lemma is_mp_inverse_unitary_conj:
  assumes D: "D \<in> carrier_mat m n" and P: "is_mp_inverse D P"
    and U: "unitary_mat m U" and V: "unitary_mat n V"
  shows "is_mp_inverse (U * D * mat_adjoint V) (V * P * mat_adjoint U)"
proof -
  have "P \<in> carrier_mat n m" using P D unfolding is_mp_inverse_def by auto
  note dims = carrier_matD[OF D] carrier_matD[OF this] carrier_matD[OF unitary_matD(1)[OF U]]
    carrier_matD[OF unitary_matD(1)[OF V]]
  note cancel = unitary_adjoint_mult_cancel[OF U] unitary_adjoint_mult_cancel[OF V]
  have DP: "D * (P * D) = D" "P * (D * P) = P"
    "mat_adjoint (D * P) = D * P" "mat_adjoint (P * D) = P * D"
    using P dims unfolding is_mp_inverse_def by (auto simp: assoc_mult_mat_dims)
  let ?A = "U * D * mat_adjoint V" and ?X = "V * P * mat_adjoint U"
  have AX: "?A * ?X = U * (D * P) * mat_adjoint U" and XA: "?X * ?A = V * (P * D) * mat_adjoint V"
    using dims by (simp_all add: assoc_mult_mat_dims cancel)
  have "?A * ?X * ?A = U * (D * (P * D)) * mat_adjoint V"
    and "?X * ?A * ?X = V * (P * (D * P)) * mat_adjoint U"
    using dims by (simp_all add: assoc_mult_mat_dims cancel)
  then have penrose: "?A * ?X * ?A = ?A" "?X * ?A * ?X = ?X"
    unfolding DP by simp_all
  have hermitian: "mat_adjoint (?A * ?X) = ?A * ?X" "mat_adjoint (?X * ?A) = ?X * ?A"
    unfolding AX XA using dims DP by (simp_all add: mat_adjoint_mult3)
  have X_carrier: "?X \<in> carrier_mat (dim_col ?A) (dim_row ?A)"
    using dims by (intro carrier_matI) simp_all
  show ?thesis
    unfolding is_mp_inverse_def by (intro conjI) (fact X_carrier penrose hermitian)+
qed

________

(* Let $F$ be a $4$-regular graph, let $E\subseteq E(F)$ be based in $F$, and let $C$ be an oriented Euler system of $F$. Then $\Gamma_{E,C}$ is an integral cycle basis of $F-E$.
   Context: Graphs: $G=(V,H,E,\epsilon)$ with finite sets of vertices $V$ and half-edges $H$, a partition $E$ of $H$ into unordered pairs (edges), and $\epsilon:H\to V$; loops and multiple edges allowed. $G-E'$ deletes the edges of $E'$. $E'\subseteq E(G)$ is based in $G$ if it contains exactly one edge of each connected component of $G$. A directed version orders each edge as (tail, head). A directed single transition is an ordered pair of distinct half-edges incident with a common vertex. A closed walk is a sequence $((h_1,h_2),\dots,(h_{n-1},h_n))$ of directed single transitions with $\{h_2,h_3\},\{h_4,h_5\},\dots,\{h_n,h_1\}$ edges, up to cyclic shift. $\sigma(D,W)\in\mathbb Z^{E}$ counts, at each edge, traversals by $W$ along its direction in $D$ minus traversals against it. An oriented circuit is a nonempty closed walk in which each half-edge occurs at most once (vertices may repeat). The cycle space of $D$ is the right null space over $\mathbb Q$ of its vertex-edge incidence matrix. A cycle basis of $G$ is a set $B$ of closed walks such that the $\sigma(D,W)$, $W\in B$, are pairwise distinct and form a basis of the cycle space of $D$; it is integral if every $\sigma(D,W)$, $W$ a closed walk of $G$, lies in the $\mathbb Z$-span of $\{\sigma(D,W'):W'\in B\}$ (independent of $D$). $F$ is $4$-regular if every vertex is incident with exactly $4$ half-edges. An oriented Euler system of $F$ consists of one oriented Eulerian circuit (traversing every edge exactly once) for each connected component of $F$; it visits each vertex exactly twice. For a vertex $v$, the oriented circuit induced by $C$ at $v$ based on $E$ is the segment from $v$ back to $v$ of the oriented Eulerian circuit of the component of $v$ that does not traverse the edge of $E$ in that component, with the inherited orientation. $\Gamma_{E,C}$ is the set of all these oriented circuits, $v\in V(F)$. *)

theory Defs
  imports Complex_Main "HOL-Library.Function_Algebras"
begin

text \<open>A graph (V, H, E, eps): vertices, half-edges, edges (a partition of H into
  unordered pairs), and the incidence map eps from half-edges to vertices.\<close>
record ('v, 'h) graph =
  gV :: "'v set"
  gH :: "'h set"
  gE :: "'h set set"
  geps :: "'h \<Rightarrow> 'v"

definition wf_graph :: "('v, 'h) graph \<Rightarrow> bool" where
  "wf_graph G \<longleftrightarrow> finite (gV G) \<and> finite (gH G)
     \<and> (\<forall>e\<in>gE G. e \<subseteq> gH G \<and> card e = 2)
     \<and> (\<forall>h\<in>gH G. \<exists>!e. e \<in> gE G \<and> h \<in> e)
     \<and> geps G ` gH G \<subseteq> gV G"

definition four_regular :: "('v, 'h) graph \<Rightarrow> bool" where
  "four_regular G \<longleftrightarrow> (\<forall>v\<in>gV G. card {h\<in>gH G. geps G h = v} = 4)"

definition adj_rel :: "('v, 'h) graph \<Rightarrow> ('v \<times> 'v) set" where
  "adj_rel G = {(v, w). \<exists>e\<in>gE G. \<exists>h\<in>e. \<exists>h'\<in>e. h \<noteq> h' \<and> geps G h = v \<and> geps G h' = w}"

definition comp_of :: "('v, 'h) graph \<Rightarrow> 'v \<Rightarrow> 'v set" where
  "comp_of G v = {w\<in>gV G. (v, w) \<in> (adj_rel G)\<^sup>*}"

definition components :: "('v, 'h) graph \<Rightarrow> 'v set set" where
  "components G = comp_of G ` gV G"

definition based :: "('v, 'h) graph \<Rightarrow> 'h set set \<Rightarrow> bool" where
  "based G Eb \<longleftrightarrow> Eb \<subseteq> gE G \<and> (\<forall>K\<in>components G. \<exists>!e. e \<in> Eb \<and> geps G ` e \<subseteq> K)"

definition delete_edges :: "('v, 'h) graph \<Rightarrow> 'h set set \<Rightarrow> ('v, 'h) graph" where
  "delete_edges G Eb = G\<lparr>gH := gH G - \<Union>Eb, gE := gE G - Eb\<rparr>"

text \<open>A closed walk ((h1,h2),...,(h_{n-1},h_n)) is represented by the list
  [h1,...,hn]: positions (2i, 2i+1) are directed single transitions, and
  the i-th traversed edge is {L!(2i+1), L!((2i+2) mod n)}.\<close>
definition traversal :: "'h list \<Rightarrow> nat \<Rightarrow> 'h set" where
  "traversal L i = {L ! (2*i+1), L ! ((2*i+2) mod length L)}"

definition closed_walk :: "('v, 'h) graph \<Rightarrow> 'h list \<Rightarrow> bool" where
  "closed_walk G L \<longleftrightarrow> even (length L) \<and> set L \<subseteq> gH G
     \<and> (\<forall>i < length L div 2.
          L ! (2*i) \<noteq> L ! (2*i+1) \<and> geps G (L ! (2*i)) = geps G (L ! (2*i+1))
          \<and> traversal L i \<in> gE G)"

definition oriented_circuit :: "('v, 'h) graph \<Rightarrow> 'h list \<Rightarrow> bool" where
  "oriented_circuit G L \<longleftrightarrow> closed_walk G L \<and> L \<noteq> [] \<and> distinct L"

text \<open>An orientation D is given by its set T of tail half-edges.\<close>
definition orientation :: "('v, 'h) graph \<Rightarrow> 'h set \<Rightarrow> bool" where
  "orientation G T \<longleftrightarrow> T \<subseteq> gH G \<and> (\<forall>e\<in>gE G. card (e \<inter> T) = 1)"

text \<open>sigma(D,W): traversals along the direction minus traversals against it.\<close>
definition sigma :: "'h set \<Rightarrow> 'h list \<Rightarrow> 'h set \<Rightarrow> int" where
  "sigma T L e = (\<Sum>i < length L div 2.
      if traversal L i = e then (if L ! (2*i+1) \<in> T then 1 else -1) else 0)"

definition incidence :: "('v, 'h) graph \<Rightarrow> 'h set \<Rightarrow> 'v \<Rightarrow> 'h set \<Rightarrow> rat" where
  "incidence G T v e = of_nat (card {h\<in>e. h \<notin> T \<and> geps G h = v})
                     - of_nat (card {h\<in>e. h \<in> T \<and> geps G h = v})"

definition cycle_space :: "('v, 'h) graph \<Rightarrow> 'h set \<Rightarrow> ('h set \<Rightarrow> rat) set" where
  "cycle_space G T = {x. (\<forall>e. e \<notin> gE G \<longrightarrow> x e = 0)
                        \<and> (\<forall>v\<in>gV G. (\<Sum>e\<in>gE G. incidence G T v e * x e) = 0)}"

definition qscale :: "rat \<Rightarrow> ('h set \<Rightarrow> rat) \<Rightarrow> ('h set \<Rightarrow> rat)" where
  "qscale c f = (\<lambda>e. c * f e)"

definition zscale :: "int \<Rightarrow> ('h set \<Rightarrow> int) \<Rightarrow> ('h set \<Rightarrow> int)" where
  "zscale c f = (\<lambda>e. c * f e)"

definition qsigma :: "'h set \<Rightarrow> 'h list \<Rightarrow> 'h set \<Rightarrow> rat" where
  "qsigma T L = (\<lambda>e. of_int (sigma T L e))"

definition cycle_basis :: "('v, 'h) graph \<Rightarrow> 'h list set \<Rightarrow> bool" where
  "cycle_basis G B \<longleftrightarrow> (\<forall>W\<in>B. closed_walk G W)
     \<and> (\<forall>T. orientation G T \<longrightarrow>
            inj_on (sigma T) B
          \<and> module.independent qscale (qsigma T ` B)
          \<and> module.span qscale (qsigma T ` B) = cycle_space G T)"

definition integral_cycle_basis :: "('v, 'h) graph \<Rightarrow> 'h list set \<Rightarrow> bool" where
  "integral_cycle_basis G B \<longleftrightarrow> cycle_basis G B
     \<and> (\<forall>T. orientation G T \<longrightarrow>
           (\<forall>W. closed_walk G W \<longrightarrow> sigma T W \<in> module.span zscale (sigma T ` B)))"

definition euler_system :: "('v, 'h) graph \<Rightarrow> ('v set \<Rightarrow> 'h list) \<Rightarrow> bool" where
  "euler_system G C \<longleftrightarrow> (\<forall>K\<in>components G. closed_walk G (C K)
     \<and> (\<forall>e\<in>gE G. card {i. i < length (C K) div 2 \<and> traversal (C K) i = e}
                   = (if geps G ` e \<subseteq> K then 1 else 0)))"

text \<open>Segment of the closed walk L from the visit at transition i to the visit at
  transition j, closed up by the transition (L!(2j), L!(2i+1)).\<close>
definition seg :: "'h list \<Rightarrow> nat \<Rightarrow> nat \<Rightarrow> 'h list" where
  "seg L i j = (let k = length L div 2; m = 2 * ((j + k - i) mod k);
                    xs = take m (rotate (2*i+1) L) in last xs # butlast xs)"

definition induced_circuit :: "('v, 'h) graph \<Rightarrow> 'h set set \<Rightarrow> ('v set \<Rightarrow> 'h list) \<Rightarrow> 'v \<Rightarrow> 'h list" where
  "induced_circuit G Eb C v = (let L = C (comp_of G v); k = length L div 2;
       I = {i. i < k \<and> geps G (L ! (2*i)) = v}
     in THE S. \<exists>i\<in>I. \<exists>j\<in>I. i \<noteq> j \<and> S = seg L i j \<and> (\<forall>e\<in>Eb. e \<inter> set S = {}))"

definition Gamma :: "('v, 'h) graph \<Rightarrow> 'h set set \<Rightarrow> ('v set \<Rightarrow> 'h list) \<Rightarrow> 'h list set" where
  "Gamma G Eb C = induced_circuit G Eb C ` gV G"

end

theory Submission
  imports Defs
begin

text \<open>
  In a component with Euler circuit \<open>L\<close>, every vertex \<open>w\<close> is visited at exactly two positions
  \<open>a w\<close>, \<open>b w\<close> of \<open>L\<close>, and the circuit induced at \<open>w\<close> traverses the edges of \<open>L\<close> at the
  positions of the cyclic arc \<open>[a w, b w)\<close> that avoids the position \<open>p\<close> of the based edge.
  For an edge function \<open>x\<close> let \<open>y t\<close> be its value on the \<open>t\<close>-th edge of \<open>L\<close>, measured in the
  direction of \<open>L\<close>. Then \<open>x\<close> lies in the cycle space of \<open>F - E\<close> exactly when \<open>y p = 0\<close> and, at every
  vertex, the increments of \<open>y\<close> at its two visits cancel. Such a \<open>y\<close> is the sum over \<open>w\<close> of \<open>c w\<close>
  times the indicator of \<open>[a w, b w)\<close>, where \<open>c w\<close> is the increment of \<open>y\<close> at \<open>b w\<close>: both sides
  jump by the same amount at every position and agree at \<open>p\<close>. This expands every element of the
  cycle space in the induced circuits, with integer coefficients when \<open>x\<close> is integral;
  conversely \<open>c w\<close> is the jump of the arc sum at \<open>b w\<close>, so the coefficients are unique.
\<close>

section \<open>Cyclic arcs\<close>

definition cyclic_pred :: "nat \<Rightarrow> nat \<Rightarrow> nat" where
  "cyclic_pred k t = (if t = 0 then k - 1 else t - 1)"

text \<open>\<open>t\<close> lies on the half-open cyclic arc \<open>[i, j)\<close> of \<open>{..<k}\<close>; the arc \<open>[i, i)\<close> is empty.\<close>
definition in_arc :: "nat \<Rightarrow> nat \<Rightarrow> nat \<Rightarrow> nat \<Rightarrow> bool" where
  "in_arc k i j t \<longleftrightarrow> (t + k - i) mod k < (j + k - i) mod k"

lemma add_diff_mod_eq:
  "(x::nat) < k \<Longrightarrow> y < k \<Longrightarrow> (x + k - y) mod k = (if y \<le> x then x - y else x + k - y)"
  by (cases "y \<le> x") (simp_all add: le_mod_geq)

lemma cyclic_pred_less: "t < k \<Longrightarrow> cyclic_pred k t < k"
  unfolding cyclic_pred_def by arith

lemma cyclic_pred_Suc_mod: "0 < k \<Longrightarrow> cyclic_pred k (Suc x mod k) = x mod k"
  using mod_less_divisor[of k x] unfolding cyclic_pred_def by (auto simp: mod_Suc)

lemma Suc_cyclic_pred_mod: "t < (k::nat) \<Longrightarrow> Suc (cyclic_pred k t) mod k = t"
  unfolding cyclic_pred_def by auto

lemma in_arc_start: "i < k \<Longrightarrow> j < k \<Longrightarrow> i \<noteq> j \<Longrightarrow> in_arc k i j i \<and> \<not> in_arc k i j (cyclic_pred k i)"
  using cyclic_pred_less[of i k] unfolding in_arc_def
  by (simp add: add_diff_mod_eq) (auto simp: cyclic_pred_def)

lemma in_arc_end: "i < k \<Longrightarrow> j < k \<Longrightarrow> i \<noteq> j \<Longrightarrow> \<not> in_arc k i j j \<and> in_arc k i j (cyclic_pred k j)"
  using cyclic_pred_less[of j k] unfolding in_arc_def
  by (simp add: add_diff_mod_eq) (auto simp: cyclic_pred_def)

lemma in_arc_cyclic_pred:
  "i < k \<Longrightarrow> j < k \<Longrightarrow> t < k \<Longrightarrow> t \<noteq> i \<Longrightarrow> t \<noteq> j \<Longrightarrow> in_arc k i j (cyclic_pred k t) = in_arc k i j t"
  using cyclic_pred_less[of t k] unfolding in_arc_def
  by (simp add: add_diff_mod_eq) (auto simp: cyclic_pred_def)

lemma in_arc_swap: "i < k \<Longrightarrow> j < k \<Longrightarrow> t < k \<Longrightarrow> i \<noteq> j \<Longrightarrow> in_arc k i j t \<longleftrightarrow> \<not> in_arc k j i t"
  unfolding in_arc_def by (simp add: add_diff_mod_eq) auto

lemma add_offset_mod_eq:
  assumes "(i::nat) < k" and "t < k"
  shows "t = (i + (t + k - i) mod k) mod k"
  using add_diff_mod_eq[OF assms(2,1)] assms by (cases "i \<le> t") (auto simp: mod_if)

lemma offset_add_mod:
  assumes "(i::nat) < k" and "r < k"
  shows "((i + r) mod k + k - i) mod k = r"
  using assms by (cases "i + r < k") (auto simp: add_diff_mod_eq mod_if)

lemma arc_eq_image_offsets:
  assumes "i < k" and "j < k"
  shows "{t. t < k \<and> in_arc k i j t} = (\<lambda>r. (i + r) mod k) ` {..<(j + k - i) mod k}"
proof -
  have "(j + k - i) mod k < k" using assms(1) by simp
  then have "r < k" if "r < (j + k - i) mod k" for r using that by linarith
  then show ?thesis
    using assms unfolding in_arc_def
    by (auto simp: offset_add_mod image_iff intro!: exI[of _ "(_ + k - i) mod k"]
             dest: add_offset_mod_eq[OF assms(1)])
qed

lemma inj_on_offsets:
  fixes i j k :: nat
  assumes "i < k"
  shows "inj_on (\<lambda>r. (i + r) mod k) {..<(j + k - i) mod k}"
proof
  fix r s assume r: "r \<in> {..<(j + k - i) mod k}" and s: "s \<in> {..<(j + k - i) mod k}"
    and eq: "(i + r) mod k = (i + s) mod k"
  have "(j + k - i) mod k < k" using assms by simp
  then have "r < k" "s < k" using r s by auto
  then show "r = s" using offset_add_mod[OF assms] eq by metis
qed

________

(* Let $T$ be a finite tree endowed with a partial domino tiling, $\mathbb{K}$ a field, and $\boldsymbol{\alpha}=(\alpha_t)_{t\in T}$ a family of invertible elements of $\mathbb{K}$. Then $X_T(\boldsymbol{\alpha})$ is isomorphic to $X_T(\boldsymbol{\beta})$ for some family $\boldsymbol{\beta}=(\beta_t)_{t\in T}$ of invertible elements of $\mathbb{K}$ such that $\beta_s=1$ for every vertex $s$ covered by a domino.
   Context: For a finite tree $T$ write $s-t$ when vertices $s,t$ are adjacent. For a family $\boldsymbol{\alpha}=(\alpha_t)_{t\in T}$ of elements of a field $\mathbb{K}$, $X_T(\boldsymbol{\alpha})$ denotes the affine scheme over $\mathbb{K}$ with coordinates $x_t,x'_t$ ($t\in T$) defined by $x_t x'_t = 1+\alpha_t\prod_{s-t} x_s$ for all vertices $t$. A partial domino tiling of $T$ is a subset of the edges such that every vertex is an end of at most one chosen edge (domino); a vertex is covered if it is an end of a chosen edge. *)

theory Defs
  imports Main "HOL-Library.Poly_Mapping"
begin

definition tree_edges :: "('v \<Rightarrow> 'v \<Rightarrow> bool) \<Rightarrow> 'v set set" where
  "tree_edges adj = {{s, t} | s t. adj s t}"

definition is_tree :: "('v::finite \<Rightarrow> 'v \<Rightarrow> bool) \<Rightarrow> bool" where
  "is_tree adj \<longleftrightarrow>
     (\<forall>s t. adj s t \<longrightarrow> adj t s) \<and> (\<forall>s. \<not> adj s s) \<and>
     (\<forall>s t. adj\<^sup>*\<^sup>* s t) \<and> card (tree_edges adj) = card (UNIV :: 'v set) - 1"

________

Find every line above that contains the word "shows", and return each one.

*FINISHED EXERCISE*
  shows "is_mp_inverse (U * D * mat_adjoint V) (V * P * mat_adjoint U)"
  shows "t = (i + (t + k - i) mod k) mod k"
  shows "((i + r) mod k + k - i) mod k = r"
  shows "{t. t < k \<and> in_arc k i j t} = (\<lambda>r. (i + r) mod k) ` {..<(j + k - i) mod k}"
  shows "inj_on (\<lambda>r. (i + r) mod k) {..<(j + k - i) mod k}"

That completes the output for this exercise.